Records for processing

□ □ □ □ □

(* Let $\Omega$ be a countably infinite set and $G$ a subgroup of $S=\mathrm{Sym}(\Omega)$. Suppose there exist two sequences $(\alpha_i)_{i\in\omega},(\beta_i)_{i\in\omega}$ of elements of $\Omega$, all of the elements $\alpha_i,\beta_i$ being distinct, such that for every $(\gamma_i)\in\prod_{i\in\omega}\{\alpha_i,\beta_i\}$ there exists $g\in G$ with $\gamma_i=\alpha_ig$ for all $i$. Then $S_{(A_0)}\preccurlyeq G$, where $A_0$ is a partition of $\Omega$ having infinitely many $1$-element members, infinitely many $2$-element members, and no other members.
   Context: $\mathrm{Sym}(\Omega)$ is the group of all permutations of $\Omega$, acting on the right. For a partition $A$ of $\Omega$, $S_{(A)}=\{f\in S:\Sigma f=\Sigma\ \forall\Sigma\in A\}$ (such $A_0$ is unique up to a permutation of $\Omega$, so $S_{(A_0)}$ is determined up to conjugacy). For subgroups $G_1,G_2\le S$, $G_1\preccurlyeq G_2$ means there is a finite $U\subseteq S$ with $G_1\le\langle G_2\cup U\rangle$. *)

theory Defs
  imports Main "HOL-Library.Countable" "HOL-Library.Disjoint_Sets"
begin

text \<open>Omega is the (countably infinite) universe of the type 'a. A permutation of Omega
is a bijection 'a => 'a; the image of a point x under g is written g x (the paper's x g).\<close>

definition Sym :: "('a \<Rightarrow> 'a) set" where
  "Sym = {f. bij f}"

definition is_subgroup :: "('a \<Rightarrow> 'a) set \<Rightarrow> bool" where
  "is_subgroup H \<longleftrightarrow> H \<subseteq> Sym \<and> id \<in> H \<and>
     (\<forall>f\<in>H. \<forall>g\<in>H. f \<circ> g \<in> H) \<and> (\<forall>f\<in>H. inv f \<in> H)"

definition gen :: "('a \<Rightarrow> 'a) set \<Rightarrow> ('a \<Rightarrow> 'a) set" where
  "gen X = \<Inter>{H. is_subgroup H \<and> X \<subseteq> H}"

definition preceq :: "('a \<Rightarrow> 'a) set \<Rightarrow> ('a \<Rightarrow> 'a) set \<Rightarrow> bool" where
  "preceq G1 G2 \<longleftrightarrow> (\<exists>U. finite U \<and> U \<subseteq> Sym \<and> G1 \<subseteq> gen (G2 \<union> U))"

definition stab_part :: "'a set set \<Rightarrow> ('a \<Rightarrow> 'a) set" where
  "stab_part A = {f \<in> Sym. \<forall>X\<in>A. f ` X = X}"

end

theory Submission
  imports Defs "HOL-Library.Countable_Set"
begin

(* Enumerate the 2-element blocks of A0 as {p (k, True), p (k, False)}. An element of S_(A0) is
   then the permutation that swaps the two points of the k-th block for k in some set J and
   fixes everything else. Arrange distinct \<alpha>- and \<beta>-points into chains, two for each k.
   A single g \<in> G that sends \<alpha>-points to \<beta>-points exactly on the chains with k \<in> J makes the
   commutator of g with a fixed involution u flip the two chains of every k \<in> J, at all
   positions at once. Commuting this flip with a fixed shift s along the chains leaves only
   the flip at the first positions, and a fixed \<sigma> carries the first positions onto the blocks.
   Hence S_(A0) lies in the group generated by G, u, s and \<sigma>. *)

definition induced_perm :: "('b \<Rightarrow> 'a) \<Rightarrow> ('b \<Rightarrow> 'b) \<Rightarrow> 'a \<Rightarrow> 'a" where
  "induced_perm q \<phi> x = (if x \<in> range q then q (\<phi> (inv q x)) else x)"

lemma induced_perm_image [simp]: "inj q \<Longrightarrow> induced_perm q \<phi> (q b) = q (\<phi> b)"
  by (simp add: induced_perm_def)

lemma induced_perm_outside [simp]: "x \<notin> range q \<Longrightarrow> induced_perm q \<phi> x = x"
  by (simp add: induced_perm_def)

lemma induced_perm_comp:
  assumes "inj q"
  shows "induced_perm q \<phi> \<circ> induced_perm q \<psi> = induced_perm q (\<phi> \<circ> \<psi>)"
proof
  fix x show "(induced_perm q \<phi> \<circ> induced_perm q \<psi>) x = induced_perm q (\<phi> \<circ> \<psi>) x"
    using assms by (cases "x \<in> range q") auto
qed

lemma induced_perm_id: "inj q \<Longrightarrow> induced_perm q id = id"
  by (auto simp: fun_eq_iff induced_perm_def)

lemma bij_induced_perm:
  assumes "inj q" "bij \<phi>"
  shows "bij (induced_perm q \<phi>)"
proof (rule o_bij)
  show "induced_perm q (inv \<phi>) \<circ> induced_perm q \<phi> = id"
    "induced_perm q \<phi> \<circ> induced_perm q (inv \<phi>) = id"
    using assms bij_is_inj[of \<phi>] bij_is_surj[of \<phi>]
    by (simp_all add: induced_perm_comp induced_perm_id inj_iff surj_iff)
qed

lemma induced_perm_conj:
  assumes "bij g" "inj q"
  shows "g \<circ> induced_perm q \<phi> \<circ> inv g = induced_perm (g \<circ> q) \<phi>"
proof
  have "inj (g \<circ> q)" using assms by (simp add: bij_is_inj inj_compose)
  fix x show "(g \<circ> induced_perm q \<phi> \<circ> inv g) x = induced_perm (g \<circ> q) \<phi> x"
  proof (cases "x \<in> range (g \<circ> q)")
    case True
    then obtain b where "x = g (q b)" by auto
    then show ?thesis
      using assms induced_perm_image[OF \<open>inj (g \<circ> q)\<close>, of \<phi> b] by (simp add: bij_is_inj)
  next
    case False
    then have "inv g x \<notin> range q" using assms by (metis bij_inv_eq_iff comp_apply rangeE rangeI)
    then show ?thesis using assms False by (simp add: bij_is_surj surj_f_inv_f)
  qed
qed

lemma induced_perm_comp_inj:
  assumes "inj a" "inj h"
  shows "induced_perm (a \<circ> h) \<phi> = induced_perm a (induced_perm h \<phi>)"
proof
  fix x show "induced_perm (a \<circ> h) \<phi> x = induced_perm a (induced_perm h \<phi>) x"
  proof (cases "x \<in> range a")
    case True
    then obtain b where "x = a b" by auto
    have "inj (a \<circ> h)" using assms by (rule inj_compose)
    moreover have "a b \<notin> range (a \<circ> h)" if "b \<notin> range h"
      using that assms(1) by (auto dest: injD)
    ultimately show ?thesis
      using assms \<open>x = a b\<close> induced_perm_image[OF \<open>inj (a \<circ> h)\<close>]
      by (cases "b \<in> range h") auto
  next
    case False
    then have "x \<notin> range (a \<circ> h)" by auto
    with False show ?thesis by simp
  qed
qed

definition flip_blocks :: "'k set \<Rightarrow> 'k \<times> bool \<Rightarrow> 'k \<times> bool" where
  "flip_blocks J = (\<lambda>(k, e). (k, if k \<in> J then \<not> e else e))"

lemma flip_blocks_involution: "flip_blocks J \<circ> flip_blocks J = id"
  by (auto simp: flip_blocks_def fun_eq_iff)

lemma induced_perm_shift_cancel:
  fixes \<phi> :: "'b \<Rightarrow> 'b"
  assumes "\<phi> \<circ> \<phi> = id"
  shows "map_prod \<phi> id \<circ> induced_perm (map_prod id Suc) (map_prod \<phi> id)
    = induced_perm (\<lambda>b. (b, 0::nat)) \<phi>"
proof
  have inj_shift: "inj (map_prod (id :: 'b \<Rightarrow> 'b) Suc)" and inj_zero: "inj (\<lambda>b::'b. (b, 0::nat))"
    by (auto intro: injI)
  fix x :: "'b \<times> nat"
  obtain b j where x: "x = (b, j)" by fastforce
  show "(map_prod \<phi> id \<circ> induced_perm (map_prod id Suc) (map_prod \<phi> id)) x
    = induced_perm (\<lambda>b. (b, 0)) \<phi> x"
  proof (cases j)
    case 0
    then have "x \<notin> range (map_prod id Suc)" using x by auto
    then show ?thesis using x 0 induced_perm_image[OF inj_zero] by simp
  next
    case (Suc j')
    then have "induced_perm (map_prod id Suc) (map_prod \<phi> id) x = (\<phi> b, Suc j')"
      using x induced_perm_image[OF inj_shift, of "map_prod \<phi> id" "(b, j')"] by simp
    moreover have "x \<notin> range (\<lambda>b. (b, 0::nat))" using x Suc by auto
    ultimately show ?thesis using x Suc assms by (simp add: pointfree_idE)
  qed
qed

lemma induced_perm_parity_flips:
  fixes J :: "'k set"
  shows "induced_perm (\<lambda>((k, e), m). ((k, e), 2 * m + (if k \<in> J then 1 else 0)))
      (map_prod (flip_blocks UNIV) id)
    \<circ> induced_perm (\<lambda>(b, m::nat). (b, 2 * m)) (map_prod (flip_blocks UNIV) id)
    = map_prod (flip_blocks J) id"
  (is "induced_perm ?h1 ?F \<circ> induced_perm ?h0 ?F = _")
proof
  have inj_h0: "inj ?h0" and inj_h1: "inj ?h1" by (auto intro!: injI split: if_splits)
  fix x :: "(('k \<times> bool) \<times> nat)"
  obtain k e j where x: "x = ((k, e), j)" by (metis prod.collapse)
  obtain m where "j = 2 * m \<or> j = 2 * m + 1" by (metis oddE evenE)
  then consider "j = 2 * m" | "j = 2 * m + 1" by blast
  then show "(induced_perm ?h1 ?F \<circ> induced_perm ?h0 ?F) x = map_prod (flip_blocks J) id x"
  proof cases
    case 1
    then have "induced_perm ?h0 ?F x = ((k, \<not> e), 2 * m)"
      using x induced_perm_image[OF inj_h0, of ?F "((k, e), m)"] by (simp add: flip_blocks_def)
    moreover have "((k, \<not> e), 2 * m) \<notin> range ?h1" if "k \<in> J" using that by auto presburger
    moreover have "induced_perm ?h1 ?F ((k, \<not> e), 2 * m) = ((k, e), 2 * m)" if "k \<notin> J"
      using that induced_perm_image[OF inj_h1, of ?F "((k, \<not> e), m)"] by (simp add: flip_blocks_def)
    ultimately show ?thesis using x 1 by (cases "k \<in> J") (auto simp: flip_blocks_def)
  next
    case 2
    then have "x \<notin> range ?h0" using x by auto presburger
    moreover have "induced_perm ?h1 ?F x = ((k, \<not> e), 2 * m + 1)" if "k \<in> J"
      using that x 2 induced_perm_image[OF inj_h1, of ?F "((k, e), m)"]
      by (simp add: flip_blocks_def)
    moreover have "x \<notin> range ?h1" if "k \<notin> J" using x 2 that by auto presburger
    ultimately show ?thesis using x 2 by (cases "k \<in> J") (auto simp: flip_blocks_def)
  qed
qed

(* Choosing \<iota> with infinite co-range leaves infinitely many points outside all chains, which
   is what allows the shift along the chains to be extended to a permutation. *)
definition interleave :: "(nat \<Rightarrow> 'a) \<Rightarrow> (nat \<Rightarrow> 'a) \<Rightarrow> ('b \<times> nat \<Rightarrow> nat) \<Rightarrow> 'b \<times> nat \<Rightarrow> 'a" where
  "interleave \<alpha> \<beta> \<iota> = (\<lambda>(b, j). (if even j then \<alpha> else \<beta>) (\<iota> (b, j div 2)))"

lemma interleave_even [simp]: "interleave \<alpha> \<beta> \<iota> (b, 2 * m) = \<alpha> (\<iota> (b, m))"
  by (simp add: interleave_def)

lemma inj_interleave:
  assumes "inj \<alpha>" "inj \<beta>" "\<And>i j. \<alpha> i \<noteq> \<beta> j" "inj \<iota>"
  shows "inj (interleave \<alpha> \<beta> \<iota>)"
proof (rule injI)
  fix x y assume eq: "interleave \<alpha> \<beta> \<iota> x = interleave \<alpha> \<beta> \<iota> y"
  obtain b j c l where xy: "x = (b, j)" "y = (c, l)" by fastforce
  have "even j \<longleftrightarrow> even l"
    using eq xy assms(3) assms(3)[THEN not_sym] by (auto simp: interleave_def split: if_splits)
  moreover have "\<iota> (b, j div 2) = \<iota> (c, l div 2)"
    using eq xy assms(1,2) \<open>even j \<longleftrightarrow> even l\<close>
    by (auto simp: interleave_def dest: injD split: if_splits)
  then have "b = c" "j div 2 = l div 2" using assms(4) by (auto dest: injD)
  ultimately show "x = y" using xy by (metis div_mult_mod_eq mod2_eq_if)
qed

lemma infinite_compl_range_interleave:
  assumes "inj \<alpha>" "\<And>i j. \<alpha> i \<noteq> \<beta> j" "infinite (- range \<iota>)"
  shows "infinite (- range (interleave \<alpha> \<beta> \<iota>))"
proof -
  have "\<alpha> ` (- range \<iota>) \<subseteq> - range (interleave \<alpha> \<beta> \<iota>)"
    using assms(1,2) by (auto simp: interleave_def inj_eq split: if_splits)
  moreover have "infinite (\<alpha> ` (- range \<iota>))"
    using assms(1,3) by (simp add: finite_image_iff inj_on_subset)
  ultimately show ?thesis using finite_subset by blast
qed

(* u swaps the \<alpha>-points of the chains (k, True) and (k, False); its conjugate by g swaps the
   \<beta>-points instead when k \<in> J and the same \<alpha>-points otherwise. So the product flips the two
   chains completely for k \<in> J and cancels for k \<notin> J. *)
lemma swap_commutator_interleave:
  assumes "bij g" "inj \<alpha>" "inj \<beta>" "\<And>i j. \<alpha> i \<noteq> \<beta> j" "inj \<iota>"
    and g: "\<And>k e m. g (\<alpha> (\<iota> ((k, e), m))) = (if k \<in> J then \<beta> else \<alpha>) (\<iota> ((k, e), m))"
  defines "u \<equiv> induced_perm (\<alpha> \<circ> \<iota>) (map_prod (flip_blocks UNIV) id)"
  shows "g \<circ> u \<circ> inv g \<circ> u = induced_perm (interleave \<alpha> \<beta> \<iota>) (map_prod (flip_blocks J) id)"
proof -
  let ?a = "interleave \<alpha> \<beta> \<iota>" and ?F = "map_prod (flip_blocks UNIV) id"
  let ?h0 = "\<lambda>(b, m::nat). (b, 2 * m)"
    and ?h1 = "\<lambda>((k, e), m::nat). ((k, e), 2 * m + (if k \<in> J then 1 else 0))"
  have inj_a: "inj ?a" using assms(2-5) by (rule inj_interleave)
  have inj_h0: "inj ?h0" and inj_h1: "inj ?h1" by (auto intro!: injI split: if_splits)
  have "\<alpha> \<circ> \<iota> = ?a \<circ> ?h0" by auto
  moreover have "g \<circ> (\<alpha> \<circ> \<iota>) = ?a \<circ> ?h1" by (auto simp: fun_eq_iff g interleave_def)
  moreover have "inj (\<alpha> \<circ> \<iota>)" using assms(2,5) by (rule inj_compose)
  ultimately have "g \<circ> u \<circ> inv g \<circ> u = induced_perm (?a \<circ> ?h1) ?F \<circ> induced_perm (?a \<circ> ?h0) ?F"
    using assms(1) unfolding u_def by (simp add: induced_perm_conj)
  also have "\<dots> = induced_perm ?a (induced_perm ?h1 ?F \<circ> induced_perm ?h0 ?F)"
    by (simp only: induced_perm_comp_inj[OF inj_a inj_h1] induced_perm_comp_inj[OF inj_a inj_h0]
        induced_perm_comp[OF inj_a])
  finally show ?thesis by (simp add: induced_perm_parity_flips)
qed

□ □ □ □ □

Instructions to follow
Working from the records above, write out verbatim only the lines from the line containing "('b \<times> nat" through the line containing "(\<lambda>(b, j). (if".

Finished exercise
definition interleave :: "(nat \<Rightarrow> 'a) \<Rightarrow> (nat \<Rightarrow> 'a) \<Rightarrow> ('b \<times> nat \<Rightarrow> nat) \<Rightarrow> 'b \<times> nat \<Rightarrow> 'a" where
  "interleave \<alpha> \<beta> \<iota> = (\<lambda>(b, j). (if even j then \<alpha> else \<beta>) (\<iota> (b, j div 2)))"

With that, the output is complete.